Na época, o assassinato causou forte repercussão na cidade e na região dos Campos Gerais, tanto pela forma como foi executado quanto pelo perfil da vítima, conhecida no meio empresarial.

José Claiton foi morto em frente à própria casa, em uma ação caracterizada como emboscada. Segundo as investigações, o executor aguardou o momento oportuno para surpreender a vítima, que não teve chance de defesa. A dinâmica do crime indicava, desde o início, um planejamento detalhado e a possível participação de mais de uma pessoa.

O caso mobilizou rapidamente as forças de segurança, com atuação direta do Setor de Homicídios da 13ª Subdivisão Policial.

INVESTIGAÇÃO

Ao longo dos meses seguintes, a PCPR avançou na identificação dos envolvidos diretos na execução. O autor dos disparos, Diones Henrique Rodrigues Raimundo, foi localizado, indiciado e posteriormente condenado pelo homicídio.

Outros nomes também surgiram como participantes da ação, entre eles Wallax Alves da Silva e João Victor da Gama Cezário, apontados como colaboradores no crime e que ainda aguardam desdobramentos judiciais.

Outro personagem central é Paulo Santos da Silva, conhecido como “Pastor Paulo”, indicado como coordenador da execução. Ele chegou a ser indiciado e pronunciado pela Justiça, mas segue foragido.

MOTIVAÇÃO

Desde o início das investigações, a principal linha apontava para desentendimentos no ambiente profissional. A apuração mais recente reforça que o crime teria sido motivado por uma disputa empresarial, envolvendo o controle de negócios e a abertura de uma possível empresa concorrente.

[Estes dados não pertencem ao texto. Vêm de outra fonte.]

lemma (in prob_space) queue_dist_poisson_transient_diff:
  assumes lam: "0 < lam" and B_cont: "continuous_on UNIV B"
    and input: "mginf_input lam B E S" and "v \<le> T"
  shows "\<bar>queue_dist E S v j - poisson_transient lam B v j\<bar> \<le> (if v < 0 then 0 else (1 - exp (- T * lam)) ^ n)"
  using input \<open>v \<le> T\<close>
proof (induction n arbitrary: E S v j)
  case 0
  have "0 \<le> poisson_transient lam B v j \<and> poisson_transient lam B v j \<le> 1"
    using poisson_transient_bounds[OF lam B_cont] service_cdf_bounds[OF 0(1) lam] by blast
  then show ?case
    using queue_dist_eq_poisson_transient_neg[OF 0(1) lam] queue_dist_bounds[of E S v j] by auto
next
  case (Suc n)
  let ?f = "queue_dist (\<lambda>n. E (Suc n)) (\<lambda>n. S (Suc n))"
  have input: "mginf_input lam B E S" and input': "mginf_input lam B (\<lambda>n. E (Suc n)) (\<lambda>n. S (Suc n))"
    using Suc(2) mginf_input_shift[OF Suc(2) lam] by auto
  have B: "B \<in> borel_measurable borel" "\<And>x. 0 \<le> B x \<and> B x \<le> 1"
    using borel_measurable_continuous_onI[OF B_cont] service_cdf_bounds[OF input lam] by auto
  show ?case
  proof (cases "v < 0")
    case False
    have "\<bar>queue_dist E S v j - poisson_transient lam B v j\<bar> =
      \<bar>(\<integral>\<omega>. renewal_kernel B ?f v j (E 0 \<omega>) \<partial>M)
        - (\<integral>\<omega>. renewal_kernel B (poisson_transient lam B) v j (E 0 \<omega>) \<partial>M)\<bar>"
      using False renewal_equation[OF input lam]
        poisson_transient_renewal_equation[OF interarrival_exponential[OF input lam] lam _ B_cont B(2)]
      by simp
    also have "\<dots> \<le> (1 - exp (- T * lam)) ^ n * (1 - exp (- T * lam))"
      using Suc.IH[OF input'] False Suc(3) B(2) poisson_transient_bounds[OF lam B_cont]
      by (intro renewal_kernel_contraction[OF interarrival_exponential[OF input lam] lam]
          borel_measurable_queue_dist[OF input' lam] borel_measurable_poisson_transient[OF lam B_cont]
          queue_dist_bounds B) auto
    finally show ?thesis using False by (simp add: mult.commute)
  qed (use queue_dist_eq_poisson_transient_neg[OF input lam] in simp)
qed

De acordo com a Polícia Civil, José Claiton já havia relatado a familiares temores pela própria segurança, mencionando possíveis ameaças relacionadas a essas divergências.

Com o avanço das investigações, que incluíram quebra de sigilos e análise de movimentações financeiras, os policiais identificaram indícios de que o crime teria sido encomendado e financiado.

A conclusão do inquérito aponta que o mandante teria utilizado intermediários e operadores para organizar a execução, além de realizar transferências bancárias que teriam custeado toda a ação criminosa.

CASO SEGUE NA JUSTIÇA

Com o indiciamento do suposto mandante, o caso entra em uma nova fase. O relatório final foi encaminhado ao Ministério Público e ao Poder Judiciário, que devem dar sequência às medidas legais cabíveis.

Quatro anos após o crime, a investigação chega a um desfecho importante, trazendo novos elementos sobre um dos homicídios mais marcantes recentes de Ponta Grossa — um caso que expõe como disputas empresariais podem evoluir para episódios extremos de violência.

RESUMO

Identificação do mandante: Após quatro anos do crime, a Polícia Civil concluiu que o empresário Oséias Gomes foi o mandante do assassinato de José Claiton Leal Machado, ocorrido em 2022.

Motivação empresarial: As investigações apontam que o homicídio foi motivado por uma disputa de negócios e pela possível abertura de uma empresa concorrente, envolvendo o pagamento e financiamento da execução por meio de intermediários.

Desdobramentos e envolvidos: O autor dos disparos já foi condenado, enquanto o coordenador da ação ("Pastor Paulo") permanece foragido. O caso agora segue para o Ministério Público e o Poder Judiciário para as devidas medidas legais.